It also has a strong backbone – such as a team dedicated to orchestrating the work of the group.

With principles of practice that places a priority on equity, uses data to continuously learn, adapt and improve and includes community members and cross-sector partners, the collective impact model has become a “best practice model” for philanthropy and strategic grantmaking at the community-level.

In this two-part episode, I’ll be exploring the efficacy of the collective impact model from two perspectives:  Philanthropy and Community Development.

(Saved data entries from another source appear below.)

lemma independent_extend_by_axes:
  fixes C :: "('a::field^'n) set"
  assumes "vec.independent C"
  obtains J where "vec.span (C \<union> (\<lambda>j. axis j 1) ` J) = UNIV" and "card C + card J = CARD('n)"
proof -
  obtain B where B: "C \<subseteq> B" "B \<subseteq> C \<union> cart_basis" "vec.independent B" "C \<union> cart_basis \<subseteq> vec.span B"
    using vec.maximal_independent_subset_extend[of C "C \<union> cart_basis"] assms by blast
  define J where "J = {j. axis j 1 \<in> B - C}"
  have B_eq: "B = C \<union> (\<lambda>j. axis j 1) ` J"
    using B(1,2) by (auto simp: J_def cart_basis_def)
  have span_B: "vec.span B = UNIV"
    using B(4) by (metis Un_subset_iff span_cart_basis top.extremum_uniqueI vec.span_minimal vec.subspace_span)
  have "card B = CARD('n)"
    using vec.basis_card_eq_dim[of B UNIV] B(3) span_B vec.dim_UNIV card_cart_basis by auto
  moreover have "card B = card C + card J"
  proof -
    have "finite B" "C \<inter> (\<lambda>j. axis j 1) ` J = {}"
      using vec.finiteI_independent[OF B(3)] by (auto simp: J_def)
    moreover have "card ((\<lambda>j. axis j (1::'a)) ` J) = card J"
      by (rule card_image) (auto simp: inj_on_def axis_eq_axis)
    ultimately show ?thesis
      unfolding B_eq by (simp add: card_Un_disjoint)
  qed
  ultimately show ?thesis
    using that span_B B_eq by simp
qed

lemma subspace_adapted_basis:
  fixes W :: "('a::field^'n) set"
  assumes "vec.subspace W"
  obtains B K where "invertible B" "block_triangular (- K) B" "(\<lambda>v. B *v v) ` coord_subspace K = W"
proof -
  obtain C where C: "C \<subseteq> W" "vec.independent C" "W \<subseteq> vec.span C"
    using vec.maximal_independent_subset by blast
  have span_C: "vec.span C = W"
    using vec.span_subspace[OF C(1,3) assms] .
  obtain J where J: "vec.span (C \<union> (\<lambda>j. axis j 1) ` J) = UNIV" "card C + card J = CARD('n)"
    using independent_extend_by_axes[OF C(2)] .
  define K where "K = - J"
  have "card K = card C"
    using J(2) card_Diff_subset[of J UNIV] by (simp add: K_def Compl_eq_Diff_UNIV)
  then obtain f where f: "bij_betw f K C"
    using finite_same_card_bij[of K C] vec.finiteI_independent[OF C(2)] by auto
  define col where "col j = (if j \<in> K then f j else axis j 1)" for j
  define B :: "'a^'n^'n" where "B = (\<chi> i j. col j $ i)"
  have B_axis: "B *v axis j 1 = col j" for j
    by (simp add: B_def vec_eq_iff matrix_vector_mult_def axis_def if_distrib cong: if_cong)
  have col_K: "col ` K = C"
    using f by (simp add: col_def bij_betw_def)
  have "columns B = C \<union> (\<lambda>j. axis j 1) ` J"
  proof -
    have "columns B = col ` K \<union> col ` J"
      by (auto simp: columns_def column_def B_def K_def)
    also have "col ` J = (\<lambda>j. axis j 1) ` J"
      by (auto simp: col_def K_def)
    finally show ?thesis
      using col_K by simp
  qed
  then have "invertible B"
    using J(1) by (simp add: invertible_right_inverse matrix_right_invertible_span_columns)
  moreover have "block_triangular (- K) B"
    by (auto simp: block_triangular_def B_def col_def K_def axis_def)
  moreover have "(\<lambda>v. B *v v) ` coord_subspace K = W"
  proof -
    have "(\<lambda>v. B *v v) ` coord_subspace K = vec.span ((\<lambda>v. B *v v) ` (\<lambda>k. axis k 1) ` K)"
      unfolding span_axes[symmetric] by (rule vec.linear_span_image[OF matrix_vector_mul_linear_gen, symmetric])
    also have "(\<lambda>v. B *v v) ` (\<lambda>k. axis k 1) ` K = C"
      using col_K by (auto simp: B_axis image_image)
    finally show ?thesis
      using span_C by simp
  qed
  ultimately show ?thesis
    using that by blast
qed

definition S_mat :: "int^2^2" where
  "S_mat = vector [vector [0, -1], vector [1, 0]]"

lemma S_mat_SL2Z: "S_mat \<in> SL2Z" and T_mat_SL2Z: "T_mat \<in> SL2Z"
  by (auto simp: SL2Z_def det_2 S_mat_def T_mat_def)

lemma mat_1_SL2Z: "mat 1 \<in> SL2Z"
  by (simp add: SL2Z_def)

lemma SL2Z_mult: "A \<in> SL2Z \<Longrightarrow> B \<in> SL2Z \<Longrightarrow> A ** B \<in> SL2Z"
  by (simp add: SL2Z_def det_mul)

lemma matrix_matrix_mult_2:
  "((A :: 'a::semiring_1^2^2) ** B) $ i $ j = A $ i $ 1 * B $ 1 $ j + A $ i $ 2 * B $ 2 $ j"
  by (simp add: matrix_matrix_mult_def sum_2)

lemma S_mat_pow_4: "S_mat ** S_mat ** S_mat ** S_mat = mat 1"
  by (simp add: vec_eq_iff forall_2 matrix_matrix_mult_2 S_mat_def mat_def)

lemma S_mat_sq_eq_ST_cube: "S_mat ** S_mat = (S_mat ** T_mat) ** (S_mat ** T_mat) ** (S_mat ** T_mat)"
  by (simp add: vec_eq_iff forall_2 matrix_matrix_mult_2 S_mat_def T_mat_def)

lemma SL2Z_character_T_pow_12:
  fixes \<psi> :: "int^2^2 \<Rightarrow> 'a::comm_monoid_mult"
  assumes mult: "\<And>A B. A \<in> SL2Z \<Longrightarrow> B \<in> SL2Z \<Longrightarrow> \<psi> (A ** B) = \<psi> A * \<psi> B"
    and one: "\<psi> (mat 1) = 1"
  shows "\<psi> T_mat ^ 12 = 1"
proof -
  define s where "s = \<psi> S_mat"
  define t where "t = \<psi> T_mat"
  have "\<psi> (S_mat ** S_mat ** S_mat ** S_mat) = s ^ 4"
    by (simp add: mult SL2Z_mult S_mat_SL2Z s_def eval_nat_numeral mult.assoc)
  then have "s ^ 4 = 1"
    by (simp add: S_mat_pow_4 one)
  moreover have "\<psi> ((S_mat ** T_mat) ** (S_mat ** T_mat) ** (S_mat ** T_mat)) = (s * t) ^ 3"
    by (simp add: mult SL2Z_mult S_mat_SL2Z T_mat_SL2Z s_def t_def eval_nat_numeral mult.assoc)
  then have "s ^ 2 = (s * t) ^ 3"
    by (simp flip: S_mat_sq_eq_ST_cube add: mult S_mat_SL2Z s_def power2_eq_square)
  ultimately have "s * t ^ 3 = 1"
  proof -
    assume s4: "s ^ 4 = 1" and s2: "s ^ 2 = (s * t) ^ 3"
    have "s * t ^ 3 = s ^ 4 * (s * t ^ 3)"
      using s4 by simp
    also have "\<dots> = s ^ 2 * (s * t) ^ 3"
      by (simp add: power_mult_distrib eval_nat_numeral ac_simps)
    also have "\<dots> = s ^ 2 * s ^ 2"
      by (simp only: s2)
    also have "\<dots> = s ^ 4"
      by (simp flip: power_add)
    finally show ?thesis
      using s4 by simp
  qed
  then have "(s * t ^ 3) ^ 4 = 1"
    by simp
  then show ?thesis
    using \<open>s ^ 4 = 1\<close> by (simp add: power_mult_distrib t_def flip: power_mult)
qed

lemma invariant_subspace_eigenvalue_product:
  fixes \<sigma> :: "int^2^2 \<Rightarrow> 'a::field^'n^'n"
  assumes mult: "\<And>A A'. A \<in> SL2Z \<Longrightarrow> A' \<in> SL2Z \<Longrightarrow> \<sigma> (A ** A') = \<sigma> A ** \<sigma> A'"
    and one: "\<sigma> (mat 1) = mat 1"
    and T: "\<sigma> T_mat = (\<chi> i j. if i = j then lam i else 0)"
    and W: "vec.subspace W" "\<And>g w. g \<in> SL2Z \<Longrightarrow> w \<in> W \<Longrightarrow> \<sigma> g *v w \<in> W"
    and nontrivial: "W \<noteq> {0}" "W \<noteq> UNIV"
  obtains K where "K \<noteq> {}" "K \<noteq> UNIV" "(\<Prod>i\<in>K. lam i) ^ 12 = 1"
proof -
  obtain B K where B: "invertible B" "block_triangular (- K) B"
    and W_eq: "(\<lambda>v. B *v v) ` coord_subspace K = W"
    using subspace_adapted_basis[OF W(1)] .
  have B_inv: "B ** matrix_inv B = mat 1" "matrix_inv B ** B = mat 1"
    using B(1) by (simp_all add: matrix_inv_right matrix_inv_left)
  define N where "N g = matrix_inv B ** \<sigma> g ** B" for g
  have N_mult: "N (A ** A') = N A ** N A'" if "A \<in> SL2Z" "A' \<in> SL2Z" for A A'
  proof -
    have "N A ** N A' = matrix_inv B ** (\<sigma> A ** (B ** matrix_inv B) ** \<sigma> A') ** B"
      by (simp add: N_def matrix_mul_assoc)
    then show ?thesis
      by (simp add: B_inv N_def mult[OF that])
  qed
  have N_triangular: "block_triangular K (N g)" if g: "g \<in> SL2Z" for g
  proof (rule block_triangularI_invariant)
    fix v :: "'a^'n" assume "v \<in> coord_subspace K"
    then have "\<sigma> g *v (B *v v) \<in> W"
      using W(2)[OF g] W_eq by blast
    then obtain u where u: "u \<in> coord_subspace K" "\<sigma> g *v (B *v v) = B *v u"
      using W_eq by auto
    have "N g *v v = matrix_inv B *v (\<sigma> g *v (B *v v))"
      by (simp add: N_def matrix_vector_mul_assoc matrix_mul_assoc)
    also have "\<dots> = u"
      unfolding u(2) by (simp add: matrix_vector_mul_assoc B_inv)
    finally show "N g *v v \<in> coord_subspace K"
      using u(1) by simp
  qed
  \<comment> \<open>the determinant of \<open>\<sigma> g\<close> restricted to \<open>W\<close>\<close>
  define \<psi> where "\<psi> g = det (principal_block K (N g))" for g
  have "\<psi> T_mat ^ 12 = 1"
  proof (rule SL2Z_character_T_pow_12)
    show "\<psi> (A ** A') = \<psi> A * \<psi> A'" if "A \<in> SL2Z" "A' \<in> SL2Z" for A A'
      by (simp add: \<psi>_def N_mult[OF that] det_principal_block_mult N_triangular that(2))
    show "\<psi> (mat 1) = 1"
      by (simp add: \<psi>_def N_def one B_inv principal_block_mat_1)
  qed
  moreover have "\<psi> T_mat = (\<Prod>i\<in>K. lam i)"
    unfolding \<psi>_def
  proof (rule det_principal_block_similar_diagonal[OF B N_triangular[OF T_mat_SL2Z]])
    have "B ** N T_mat = (B ** matrix_inv B) ** \<sigma> T_mat ** B"
      by (simp add: N_def matrix_mul_assoc)
    then show "B ** N T_mat = (\<chi> i j. if i = j then lam i else 0) ** B"
      by (simp add: T B_inv)
  qed
  moreover have "K \<noteq> {}"
    using nontrivial(1) W_eq by (auto simp: coord_subspace_empty)
  moreover have "K \<noteq> UNIV"
  proof
    assume "K = UNIV"
    have "y = B *v (matrix_inv B *v y)" for y
      by (simp add: matrix_vector_mul_assoc B_inv)
    then have "y \<in> W" for y
      using W_eq by (metis \<open>K = UNIV\<close> coord_subspace_UNIV rangeI)
    then show False
      using nontrivial(2) by auto
  qed
  ultimately show ?thesis
    using that by simp
qed

lemma is_rep_mat_1:
  assumes "is_rep \<rho>"
  shows "\<rho> (mat 1) = mat 1"
proof -
  have "invertible (\<rho> (mat 1))" and idem: "\<rho> (mat 1) ** \<rho> (mat 1) = \<rho> (mat 1)"
    using assms mat_1_SL2Z unfolding is_rep_def by (metis matrix_mul_lid)+
  have "\<rho> (mat 1) = (matrix_inv (\<rho> (mat 1)) ** \<rho> (mat 1)) ** \<rho> (mat 1)"
    by (simp add: matrix_inv_left \<open>invertible (\<rho> (mat 1))\<close>)
  also have "\<dots> = matrix_inv (\<rho> (mat 1)) ** (\<rho> (mat 1) ** \<rho> (mat 1))"
    by (simp add: matrix_mul_assoc)
  also have "\<dots> = mat 1"
    by (simp add: idem matrix_inv_left \<open>invertible (\<rho> (mat 1))\<close>)
  finally show ?thesis .
qed

lemma matrix_conj_mult:
  fixes P :: "'a::semiring_1^'n^'n"
  assumes "invertible P"
  shows "P ** (M ** N) ** matrix_inv P = (P ** M ** matrix_inv P) ** (P ** N ** matrix_inv P)"
proof -
  have "(P ** M ** matrix_inv P) ** (P ** N ** matrix_inv P) = P ** M ** (matrix_inv P ** P) ** N ** matrix_inv P"
    by (simp add: matrix_mul_assoc)
  also have "\<dots> = P ** (M ** N) ** matrix_inv P"
    by (simp add: matrix_inv_left[OF assms] matrix_mul_assoc)
  finally show ?thesis
    by (rule sym)
qed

Today I’m talking with Tevonne Ellis (of Claretian Associates), who is the Network Coordinator for the South Chicago Neighborhood Network. The South Chicago Neighborhood Network is one of the 10 funded neighborhood networks of United Way of Metro Chicago.  The Network uses the collective impact model, to support the common agenda of creating a trauma-informed community by 2020 and is comprised of over 22 South Chicago community civic and non-profit organizations, leaders, businesses and health partners.

Tevonne and her team convene Network members monthly to review ongoing activities, assess effectiveness, and determine next steps.  The work is led by and coordinated through Committees, and the Committee Chairs convene members and key partners to deploy the planned activities and programs.

QUESTIONS & ANSWERS

How does the SCNN engage the Collective Impact model to support the creation of a trauma-informed community in South Chicago? 

Our goal is to engage youth, between the age of 8-26, to reduce violence in the community. Each of these organizations has a strength to help us engage young people, in particular, around violence. 

How has your funder, United Way of Metro Chicago, guide and support the network in utilizing the collective impact model? 

Our funder provides us with a community engagement officer so they’re basically the boots on the ground in the community from the funder’s office. Really helping, directing and guiding the collective impact process. They were there to help us create our common agenda, our three-year plan as well as looking at our goals and indicators on how we’re meeting our goals in the plan. 

Also, to help us build capacity. They provide an evaluator to look at the concept of the indicators of our plan. I think there is a struggle, I think trauma is a really hard concept to measure so we kind of struggle around data collection and tracking and evaluation. 

What, in your opinion are the strengths and challenges of utilizing the collective impact model in the Network’s effort to create a trauma-informed community? 

One of the challenges is keeping network members engaged and at the table. Another challenge is looking at the topic in which you are approaching. This is a relatively new concept, what is trauma-informed? What does it look like? 

It’s just a really broad topic and I think we struggle with focusing it and really looking at how we can create an impact in using the collective impact model. Rally kind of showing that bc we created a trauma-informed neighborhood, we reduce violence. 

Strength is when you show funders as well as other key partners, that if you’re working collectively to move the needle it’s always powerful to show in numbers vs one organization. Also, I think it creates a movement when you have more than one person at the table around trauma-informed. When one organization hears about it, you start to hear other people talking about it as well. 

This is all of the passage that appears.